# Never Underestimate a dog at any age.



## Chris Michalek (Feb 13, 2008)

We did bite work with my Mal pup for the first time since Dec 14th. He's 7mo old now and hasn't seen the helper since mid Dec. So we're out on the field, I'm playing post and the helper walks up on the dog cold, Stared him in the face and WHAM.... got bit in the face. :twisted: Nobody was expecting that. 

I like these Malinois and wish I had been into them 15 years ago. I think he's going to be a pretty serious dog. Already he doesn't give a shit about the sleeve or the pillow. If you're going to act aggressive toward him, he's gonna bite you where he can. I'm proud of the little guy. 8)

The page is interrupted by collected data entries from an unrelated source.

(* Let $k\ge2$, $p\in(0,1)$, $q=1-p$, and $R^{(k)}_n(p)=\mathbb{E}[Y(k,n,p)]$. Then $R^{(k)}_1(p)=1$, for $n\ge2$ $$R^{(k)}_n(p)=n-\frac1q\sum_{i=1}^{n-1}(n-i)\,s^{(k)}_i\,(p^{k-1}q)^i,$$ and $$\sum_{n\ge1}R^{(k)}_n(p)z^n=\frac{z}{(1-z)^2}\left(1-\frac1qS^{(k)}(p^{k-1}qz)\right).$$
   Context: Matchbox process: fix integers $k\ge 2$, $n\ge 1$ and $p\in(0,1)$, $q=1-p$. Initially $k$ boxes each contain $n$ matches. At each time step, independently, with probability $p$ a match is removed from a box currently containing the largest number of matches, and with probability $q$ from a box currently containing the smallest number (ties broken arbitrarily). A diagonal state is a state in which all $k$ boxes contain the same number of matches. Let $Y=Y(k,n,p)$ be the smallest $i\in\{1,\dots,n-1\}$ such that the process reaches the diagonal state in which every box contains $n-i$ matches (before any box is empty), with the convention $Y=n$ if no such $i$ exists. $s^{(k)}_i=\frac{k-1}{ki-1}\binom{ki-1}{i-1}$ and $S^{(k)}(z)=\sum_{i\ge1}s^{(k)}_iz^i$. *)

theory Defs
  imports "HOL-Probability.Probability" "HOL-Computational_Algebra.Formal_Power_Series"
begin

text \<open>States of the matchbox process: the multiset of box contents (k boxes).
  One step: True = remove a match from a box with the largest number of matches
  (probability p), False = from a box with the smallest number (probability q).
  Once some box is empty the process is frozen (it is only considered before
  any box is empty).\<close>

definition mb_step :: "bool \<Rightarrow> nat multiset \<Rightarrow> nat multiset" where
  "mb_step b M =
     (if 0 \<in># M then M
      else (let x = (if b then Max (set_mset M) else Min (set_mset M))
            in add_mset (x - 1) (M - {#x#})))"

definition mb_state :: "nat \<Rightarrow> nat \<Rightarrow> bool list \<Rightarrow> nat \<Rightarrow> nat multiset" where
  "mb_state k n \<omega> t = foldl (\<lambda>M b. mb_step b M) (replicate_mset k n) (take t \<omega>)"

text \<open>The diagonal state with all boxes containing n - i matches can only occur at time k*i.\<close>
definition mb_hits :: "nat \<Rightarrow> nat \<Rightarrow> bool list \<Rightarrow> nat \<Rightarrow> bool" where
  "mb_hits k n \<omega> i \<longleftrightarrow> mb_state k n \<omega> (k * i) = replicate_mset k (n - i)"

definition mb_Y :: "nat \<Rightarrow> nat \<Rightarrow> bool list \<Rightarrow> nat" where
  "mb_Y k n \<omega> =
     (if \<exists>i\<in>{1..n-1}. mb_hits k n \<omega> i then (LEAST i. i \<in> {1..n-1} \<and> mb_hits k n \<omega> i) else n)"

fun choice_pmf :: "real \<Rightarrow> nat \<Rightarrow> bool list pmf" where
  "choice_pmf p 0 = return_pmf []"
| "choice_pmf p (Suc N) = bind_pmf (bernoulli_pmf p) (\<lambda>b. map_pmf (\<lambda>xs. b # xs) (choice_pmf p N))"

text \<open>R_n^(k)(p) = E[Y(k,n,p)]; Y only depends on the first k(n-1) steps.\<close>
definition mb_R :: "nat \<Rightarrow> nat \<Rightarrow> real \<Rightarrow> real" where
  "mb_R k n p = measure_pmf.expectation (choice_pmf p (k * (n - 1))) (\<lambda>\<omega>. real (mb_Y k n \<omega>))"

definition s_coef :: "nat \<Rightarrow> nat \<Rightarrow> real" where
  "s_coef k i = (real k - 1) / (real (k * i) - 1) * real ((k * i - 1) choose (i - 1))"

text \<open>The formal power series S^(k)(c z) = sum_{i>=1} s_i c^i z^i.\<close>
definition S_fps :: "nat \<Rightarrow> real \<Rightarrow> real fps" where
  "S_fps k c = Abs_fps (\<lambda>i. if i = 0 then 0 else s_coef k i * c ^ i)"

end

theory Submission
  imports Defs
begin

(* Away from diagonal states the configuration consists of one box holding the minimum u
  and k - 1 balanced boxes (contents differing by at most one) whose total excess over u is D.
  Removing a match from a largest box keeps the k - 1 boxes balanced and lowers D by one;
  removing it from the smallest box lowers u and raises D by k - 1.  So after the first step,
  which leads from the diagonal to D = k - 1, the process is the walk D with steps -1
  (probability p) and +(k - 1) (probability q), and Y = i exactly when this walk first hits 0
  at time k i - 1.  By the hitting time theorem that has probability
  (k-1)/(ki-1) binom(ki-1, i-1) p^((k-1)i) q^(i-1) = s_i p^((k-1)i) q^(i-1).  Summing,
  E Y = n - sum_i (n - i) P(Y = i), and multiplying by 1/(1 - z)^2 gives the generating
  function. *)


section \<open>Balanced configurations\<close>

definition balanced_mset :: "nat \<Rightarrow> nat \<Rightarrow> nat multiset" where
  "balanced_mset d T =
     replicate_mset (d - T mod d) (T div d) + replicate_mset (T mod d) (Suc (T div d))"

lemma sum_mset_balanced_mset:
  assumes "0 < d"
  shows "sum_mset (balanced_mset d T) = T"
proof -
  have "(d - T mod d) * (T div d) + T mod d * Suc (T div d) = d * (T div d) + T mod d"
    using assms by (simp add: algebra_simps diff_mult_distrib)
  then show ?thesis
    by (simp add: balanced_mset_def)
qed

lemma balanced_mset_eq_replicate_mset_iff:
  assumes "0 < d"
  shows "balanced_mset d T = replicate_mset d v \<longleftrightarrow> T = d * v"
proof
  assume "balanced_mset d T = replicate_mset d v"
  then have "sum_mset (balanced_mset d T) = d * v"
    by simp
  then show "T = d * v"
    by (simp add: sum_mset_balanced_mset[OF assms])
next
  assume "T = d * v"
  with assms show "balanced_mset d T = replicate_mset d v"
    by (simp add: balanced_mset_def)
qed

lemma div_le_of_mem_balanced_mset: "x \<in># balanced_mset d T \<Longrightarrow> T div d \<le> x"
  by (auto simp: balanced_mset_def split: if_splits)

lemma Max_balanced_mset:
  "0 < d \<Longrightarrow> Max (set_mset (balanced_mset d T)) = (if T mod d = 0 then T div d else Suc (T div d))"
  by (rule Max_eqI) (auto simp: balanced_mset_def split: if_splits)

lemma balanced_mset_remove_Max:
  fixes d T :: nat
  assumes "0 < d"
  defines "x \<equiv> Max (set_mset (balanced_mset d T))"
  shows "add_mset (x - 1) (balanced_mset d T - {#x#}) = balanced_mset d (T - 1)"
proof -
  obtain d' where d: "d = Suc d'"
    using assms not0_implies_Suc by blast
  define a r where "a = T div d" and "r = T mod d"
  have T: "T = d * a + r" and "r < d"
    using assms by (simp_all add: a_def r_def)
  show ?thesis
  proof (cases r)
    case 0
    show ?thesis
    proof (cases a)
      case 0
      with \<open>r = 0\<close> show ?thesis
        by (simp add: x_def T d balanced_mset_def)
    next
      case (Suc a')
      have "T - 1 = d * a' + d'"
        by (simp add: T Suc \<open>r = 0\<close> d)
      moreover have "d' < d"
        by (simp add: d)
      ultimately have "(T - 1) div d = a'" "(T - 1) mod d = d'"
        by simp_all
      moreover have "balanced_mset d T = replicate_mset d (Suc a')" "x = Suc a'"
        using assms \<open>r = 0\<close> Suc
        by (simp_all add: x_def Max_balanced_mset balanced_mset_def
            a_def[symmetric] r_def[symmetric])
      ultimately show ?thesis
        by (simp add: balanced_mset_def d)
    qed
  next
    case (Suc r')
    have "T - 1 = d * a + r'"
      by (simp add: T Suc)
    then have "(T - 1) div d = a" "(T - 1) mod d = r'"
      using \<open>r < d\<close> Suc by simp_all
    moreover have "balanced_mset d T = replicate_mset (d - r) a + replicate_mset r (Suc a)"
      by (simp add: balanced_mset_def a_def r_def)
    moreover have "x = Suc a"
      using assms Suc by (simp add: x_def Max_balanced_mset a_def r_def[symmetric])
    moreover have "d - r' = Suc (d - r)"
      using \<open>r < d\<close> Suc by simp
    ultimately show ?thesis
      by (simp add: balanced_mset_def Suc)
  qed
qed

fun mb_config :: "nat \<Rightarrow> nat \<times> nat \<Rightarrow> nat multiset" where
  "mb_config k (u, D) = add_mset u (balanced_mset (k - 1) ((k - 1) * u + D))"

fun excess_step :: "nat \<Rightarrow> nat \<times> nat \<Rightarrow> bool \<Rightarrow> nat \<times> nat" where
  "excess_step k (u, D) b =
     (if u = 0 then (u, D)
      else if D = 0 then (u - 1, k - 1)
      else if b then (u, D - 1)
      else (u - 1, D + (k - 1)))"

lemma mb_step_add_mset_min:
  assumes "0 < u" and "B \<noteq> {#}" and "\<forall>x\<in>#B. u \<le> x"
  defines "x \<equiv> Max (set_mset B)"
  shows "mb_step b (add_mset u B) =
    (if b then add_mset u (add_mset (x - 1) (B - {#x#})) else add_mset (u - 1) B)"
proof -
  have "x \<in># B" and "u \<le> x"
    using assms by (simp_all add: x_def)
  moreover have "0 \<notin># add_mset u B"
    using assms by auto
  moreover have "Min (set_mset (add_mset u B)) = u"
    using assms by (intro Min_eqI) auto
  moreover have "Max (set_mset (add_mset u B)) = x"
    using assms \<open>u \<le> x\<close> by (simp add: x_def max_def)
  ultimately show ?thesis
    by (simp add: mb_step_def add_mset_commute)
qed

lemma mb_step_mb_config:
  assumes "2 \<le> k"
  shows "mb_step b (mb_config k (u, D)) = mb_config k (excess_step k (u, D) b)"
proof -
  obtain d where k: "k = Suc d" and "0 < d"
    using assms by (cases k) auto
  define B where "B = balanced_mset d (d * u + D)"
  define x where "x = Max (set_mset B)"
  have config: "mb_config k (u, D) = add_mset u B"
    by (simp add: B_def k)
  show ?thesis
  proof (cases "u = 0")
    case True
    then show ?thesis
      by (simp add: mb_step_def config)
  next
    case False
    have "B \<noteq> {#}"
      using \<open>0 < d\<close> by (simp add: B_def balanced_mset_def)
    moreover have "\<forall>y\<in>#B. u \<le> y"
      using div_le_of_mem_balanced_mset \<open>0 < d\<close> by (fastforce simp: B_def)
    ultimately have step: "mb_step b (mb_config k (u, D))
        = (if b then add_mset u (add_mset (x - 1) (B - {#x#})) else add_mset (u - 1) B)"
      unfolding config x_def using False by (intro mb_step_add_mset_min) auto
    show ?thesis
    proof (cases "D = 0")
      case True
      then have "B = replicate_mset d u"
        using balanced_mset_eq_replicate_mset_iff[OF \<open>0 < d\<close>] by (simp add: B_def)
      with \<open>0 < d\<close> have "mb_step b (mb_config k (u, D)) = add_mset (u - 1) B"
        unfolding step by (cases d) (simp_all add: x_def add_mset_commute)
      moreover have "d * (u - 1) + d = d * u"
        using False by (cases u) simp_all
      ultimately show ?thesis
        using False True by (simp add: k B_def)
    next
      case False
      have "add_mset (x - 1) (B - {#x#}) = balanced_mset d (d * u + (D - 1))"
        using balanced_mset_remove_Max[OF \<open>0 < d\<close>, of "d * u + D"] False
        by (simp add: x_def B_def)
      moreover have "balanced_mset d (d * (u - 1) + (D + d)) = B"
        using \<open>u \<noteq> 0\<close> by (cases u) (simp_all add: B_def algebra_simps)
      ultimately show ?thesis
        unfolding step using False \<open>u \<noteq> 0\<close> by (cases b) (simp_all add: B_def k)
    qed
  qed
qed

The point is, be careful because you could get chomped in the face too.


----------



## Gerry Grimwood (Apr 2, 2007)

http://www.workingdogforum.com/vBulletin/f23/kottorps-frippie-tom-ps-son-10413/ Did you just read this post ?? :razz:


----------



## Chris Michalek (Feb 13, 2008)

Gerry Grimwood said:


> http://www.workingdogforum.com/vBulletin/f23/kottorps-frippie-tom-ps-son-10413/ Did you just read this post ?? :razz:



No, what happened? I can't see the vid. Face bite?


----------



## Gerry Grimwood (Apr 2, 2007)

It looked more like a hit, right in the face though.


----------



## Mike Scheiber (Feb 17, 2008)

If I held my dog like that ass hat did my helper/club would kick my ass all the way to my car.
Stupid training is entertaining though.
I see Emilio is again off to band camp I will miss his stupid vids and mentality.


----------



## Julie Blanding (Mar 12, 2008)

Mike: I agree. 

Chris: Yeah, the helper got bit in the face. The handler let the dog move forward while extending his arm and then took a few small steps towards the helper. :-o

Julie


----------



## Chris Michalek (Feb 13, 2008)

Julie Blanding said:


> Mike: I agree.
> 
> Chris: Yeah, the helper got bit in the face. The handler let the dog move forward while extending his arm and then took a few small steps towards the helper. :-o
> 
> Julie



That's not what happened in my case. I was not the issue and the others that were there confirmed it. Even the helper said it wasn't my fault. The training helper like to work in close to the dogs and has usually been quick enough to get out of the way before being bit. He walked in close to the dog with an aggressive demeanor and was going to run away when he saw the dog experience any pressure but the dog didn't so he got closer and closer and got bit before he could jet outta there.


----------